R for HR:
An Introduction to Human Resource Analytics Using R
Version 0.1.7: 2024-06-21
Preface
This book is free to read and is licensed under the Creative Commons Attribution-NonCommercial-ShareAlike 4.0 International License. The contents of this book may not be used for commercial purposes. This is Version 0.1.7 of this book, which means that it is in a nearly complete form and will undergo further editing and expansion.
0.1 Growth of HR Analytics
The term human resource analytics can mean different things to different people and to different organizations. Further, human resource analytics sometimes goes by other names like people analytics, talent analytics, workforce analytics, and human capital analytics. While some may argue for distinctions between these different names, for this book, I will treat them as interchangeable labels. Moreover, for the purposes of this book, human resource (HR) analytics is defined as the “process of collecting, analyzing, interpreting, and reporting people-related data for the purpose of improving decision making, achieving strategic objectives, and sustaining a competitive advantage” (Bauer et al. 2025, 42).

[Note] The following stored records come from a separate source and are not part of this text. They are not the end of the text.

lemma bimodule_map_on_mult:
  assumes "bimodule_map_on K f" "z \<in> K" "x \<in> K"
  shows "f z * a * x = z * a * f x"
proof -
  have "f z * a * x = f (z * (a * x))"
    using assms(1,2) by (simp add: bimodule_map_on_def mult.assoc)
  also have "\<dots> = z * a * f x"
    using assms(1,3) by (simp add: bimodule_map_on_def mult.assoc[symmetric])
  finally show ?thesis .
qed

lemma bimodule_map_on_subset: "bimodule_map_on K f \<Longrightarrow> K' \<subseteq> K \<Longrightarrow> bimodule_map_on K' f"
  unfolding bimodule_map_on_def by blast

lemma ext_center_reps_iff:
  "(I, f) \<in> ext_center_reps \<longleftrightarrow> two_sided_ideal I \<and> I \<noteq> {0} \<and>
     (\<forall>x\<in>I. \<forall>y\<in>I. f (x + y) = f x + f y) \<and> bimodule_map_on I f"
  unfolding ext_center_reps_def bimodule_map_on_def by simp

locale algebra_over_field = vector_space scale
  for scale :: "'k::field \<Rightarrow> 'a::ring_1 \<Rightarrow> 'a" (infixr \<open>*s\<close> 75) +
  assumes scale_mult_left: "c *s (x * y) = (c *s x) * y"
    and scale_mult_right: "c *s (x * y) = x * (c *s y)"
begin

lemma mult_in_span:
  assumes x: "x \<in> span M" and y: "y \<in> span N"
    and MN: "\<And>m n. m \<in> M \<Longrightarrow> n \<in> N \<Longrightarrow> m * n \<in> span P"
  shows "x * y \<in> span P"
proof -
  have left: "m * z \<in> span P" if "m \<in> M" "z \<in> span N" for m z
    using that(2)
  proof (induction rule: span_induct)
    case base
    show ?case
      by (rule subspaceI) (auto simp: distrib_left span_add span_zero scale_mult_right[symmetric] span_scale)
  next
    case (step n)
    then show ?case using MN that(1) by blast
  qed
  have "\<forall>z\<in>span N. x * z \<in> span P"
    using x
  proof (induction rule: span_induct)
    case base
    show ?case
      by (rule subspaceI) (auto simp: distrib_right span_add span_zero scale_mult_left[symmetric] span_scale)
  next
    case (step m)
    then show ?case using left by blast
  qed
  then show ?thesis using y by blast
qed

lemma two_sided_ideal_subspace: "two_sided_ideal J \<Longrightarrow> subspace J"
  unfolding two_sided_ideal_def
  by (rule subspaceI) (auto, metis mult.right_neutral scale_mult_right)

lemma span_two_sided_ideal: "two_sided_ideal J \<Longrightarrow> span J = J"
  using two_sided_ideal_subspace span_eq_iff by blast

definition ideal_generated :: "'a set \<Rightarrow> 'a set" where
  "ideal_generated M = span {a * m * b | a m b. m \<in> M}"

lemma two_sided_ideal_ideal_generated: "two_sided_ideal (ideal_generated M)"
proof -
  define G where "G = {a * m * b | a m b. m \<in> M}"
  have closed: "c * n \<in> G" "n * c \<in> G" if n: "n \<in> G" for c n
  proof -
    obtain a m b where "n = a * m * b" "m \<in> M"
      using n unfolding G_def by blast
    then have "c * n = (c * a) * m * b" "n * c = a * m * (b * c)" "m \<in> M"
      by (simp_all add: mult.assoc)
    then show "c * n \<in> G" "n * c \<in> G"
      unfolding G_def by blast+
  qed
  have "c * x \<in> span G" if "x \<in> span G" for c x
    by (rule mult_in_span[OF span_base[of c "{c}"] that]) (auto intro: span_base closed)
  moreover have "x * c \<in> span G" if "x \<in> span G" for c x
    by (rule mult_in_span[OF that span_base[of c "{c}"]]) (auto intro: span_base closed)
  ultimately show ?thesis
    using subspace_span[of G] unfolding two_sided_ideal_def ideal_generated_def G_def[symmetric]
    by (simp add: subspace_0 subspace_add subspace_neg)
qed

The foundation of HR analytics formed over a century ago with the emergence of disciplines like industrial and organizational (I/O) psychology. In recent decades, advances in information technology and systems have reduced the time HR professionals spend on transactional and administrative activities, thereby creating more time and opportunity for transformational activities supporting the realization of strategic organizational objectives. HR analytics has the potential to play an integral role in such transformational activities, as it can inform HR system design (e.g., choosing selection tools, validating selection tools) and high-stakes decision making involving people-related data from the organization.
0.2 Skills Gap
Although many organizations regard HR analytics as strategically important for organizational success, today many of those same organizations face an HR analytics talent shortage. To some extent, the talent shortage can be attributed to data literacy – or the lack thereof. Historically, academic and professional HR training and development opportunities did not emphasize data-literacy skills, and this omission has left organizations today scrambling to hire external talent or to close the skills gap of existing HR professionals.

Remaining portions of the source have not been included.